[Start of section]

lemma W_comm_apply_corner:
  fixes P Q :: "'a::field_char_0 wel"
  assumes l: "l > 0" and \<rho>: "\<rho> > 0" and \<rho>\<sigma>: "\<rho> + \<sigma> > 0"
    and P: "in_W P" and Q: "in_W Q"
    and p: "(i1,j1) \<in> leading_terms l \<rho> \<sigma> P" and q: "(i2,j2) \<in> leading_terms l \<rho> \<sigma> Q"
    and corner: "\<And>a b c d. (a,b) \<in> leading_terms l \<rho> \<sigma> P \<Longrightarrow> (c,d) \<in> leading_terms l \<rho> \<sigma> Q \<Longrightarrow>
                   b + d = j1 + j2 \<Longrightarrow> b = j1"
    and j: "j + 1 = j1 + j2"
  shows "W_comm l P Q (i1 + i2 - int l, j) =
    P (i1,j1) * Q (i2,j2) * of_int (int j1 * i2 - i1 * int j2) / of_nat l"
proof -
  let ?i = "i1 + i2 - int l"
  have nz: "P (i1,j1) \<noteq> 0" "Q (i2,j2) \<noteq> 0" using p q unfolding leading_terms_def by auto
  have unique: "(a,b) = (i1,j1) \<and> (c,d) = (i2,j2)"
    if "(a,b) \<in> leading_terms l \<rho> \<sigma> P" "(c,d) \<in> leading_terms l \<rho> \<sigma> Q" "b + d = j + 1" for a b c d
  proof -
    have "b = j1" "d = j2" using corner[OF that(1,2)] that(3) j by auto
    then show ?thesis
      using that(1,2) p q leading_terms_same_Y_degree[OF _ _ _ l] \<rho> by blast
  qed
  have weight_PQ: "weight l \<rho> \<sigma> (?i,j) = vval l \<rho> \<sigma> P + vval l \<rho> \<sigma> Q - of_int (\<rho> + \<sigma>)"
    by (rule weight_at_corner[OF l p q j])
  then have weight_QP: "weight l \<rho> \<sigma> (?i,j) = vval l \<rho> \<sigma> Q + vval l \<rho> \<sigma> P - of_int (\<rho> + \<sigma>)"
    by simp
  note order_PQ = W_mult_term_order_le_1[OF P Q l \<rho>\<sigma> _ weight_PQ]
  note order_QP = W_mult_term_order_le_1[OF Q P l \<rho>\<sigma> _ weight_QP]
  have "W_comm l P Q (?i,j) =
      P (i1,j1) * Q (i2,j2) * (of_nat j1 * (of_int i2 / of_nat l) - of_nat j2 * (of_int i1 / of_nat l))"
  proof (rule W_comm_apply_single_order1_term[OF P Q _ _ _ _ nz refl j])
    show "m \<le> 1" if "((a,b),(c,d),m) \<in> W_mult_terms l P Q ?i j" for a b c d m
      using order_PQ[OF that] by simp
    show "m \<le> 1" if "((a,b),(c,d),m) \<in> W_mult_terms l Q P ?i j" for a b c d m
      using order_QP[OF that] by simp
    show "(a,b) = (i1,j1) \<and> (c,d) = (i2,j2)" if "((a,b),(c,d),1) \<in> W_mult_terms l P Q ?i j" for a b c d
      using order_PQ[OF that] unique that unfolding W_mult_terms_def by auto
    show "(a,b) = (i2,j2) \<and> (c,d) = (i1,j1)" if "((a,b),(c,d),1) \<in> W_mult_terms l Q P ?i j" for a b c d
      using order_QP[OF that] unique[of c d a b] that unfolding W_mult_terms_def by (simp add: add.commute)
  qed
  also have "\<dots> = P (i1,j1) * Q (i2,j2) * of_int (int j1 * i2 - i1 * int j2) / of_nat l"
    by (simp add: diff_divide_distrib algebra_simps)
  finally show ?thesis .
qed

lemma corner_cross_product_eq:
  fixes P Q :: "'a::field_char_0 wel"
  assumes l: "l > 0" and \<rho>: "\<rho> > 0" and \<rho>\<sigma>: "\<rho> + \<sigma> > 0"
    and P: "in_W P" and Q: "in_W Q"
    and p: "(i1,j1) \<in> leading_terms l \<rho> \<sigma> P" and q: "(i2,j2) \<in> leading_terms l \<rho> \<sigma> Q"
    and corner: "\<And>a b c d. (a,b) \<in> leading_terms l \<rho> \<sigma> P \<Longrightarrow> (c,d) \<in> leading_terms l \<rho> \<sigma> Q \<Longrightarrow>
                   b + d = j1 + j2 \<Longrightarrow> b = j1"
    and bracket: "bracket_rs l \<rho> \<sigma> P Q = (\<lambda>_. 0)"
  shows "i1 * int j2 = int j1 * i2"
proof (cases "j1 + j2 = 0")
  case False
  then have j: "(j1 + j2 - 1) + 1 = j1 + j2" by simp
  have nz: "P (i1,j1) \<noteq> 0" "Q (i2,j2) \<noteq> 0" using p q unfolding leading_terms_def by auto
  have "W_comm l P Q (i1 + i2 - int l, j1 + j2 - 1) = 0"
    using bracket_rs_neq_zero[OF P Q _ eq_refl[OF weight_at_corner[OF l p q j, symmetric]]] bracket by blast
  then have "(of_int (int j1 * i2 - i1 * int j2) :: 'a) = 0"
    using W_comm_apply_corner[OF l \<rho> \<rho>\<sigma> P Q p q corner j] nz l by simp
  then have "int j1 * i2 - i1 * int j2 = 0" by (rule of_int_eq_0_iff[THEN iffD1])
  then show ?thesis by simp
qed simp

[End of section]

What this task involves: Print exactly the lines above from the one with "note order_PQ = W_mult_term_order_le_1[OF" to the one with "using order_PQ[OF that] unique", including both.

Solved exercise:
  note order_PQ = W_mult_term_order_le_1[OF P Q l \<rho>\<sigma> _ weight_PQ]
  note order_QP = W_mult_term_order_le_1[OF Q P l \<rho>\<sigma> _ weight_QP]
  have "W_comm l P Q (?i,j) =
      P (i1,j1) * Q (i2,j2) * (of_nat j1 * (of_int i2 / of_nat l) - of_nat j2 * (of_int i1 / of_nat l))"
  proof (rule W_comm_apply_single_order1_term[OF P Q _ _ _ _ nz refl j])
    show "m \<le> 1" if "((a,b),(c,d),m) \<in> W_mult_terms l P Q ?i j" for a b c d m
      using order_PQ[OF that] by simp
    show "m \<le> 1" if "((a,b),(c,d),m) \<in> W_mult_terms l Q P ?i j" for a b c d m
      using order_QP[OF that] by simp
    show "(a,b) = (i1,j1) \<and> (c,d) = (i2,j2)" if "((a,b),(c,d),1) \<in> W_mult_terms l P Q ?i j" for a b c d
      using order_PQ[OF that] unique that unfolding W_mult_terms_def by auto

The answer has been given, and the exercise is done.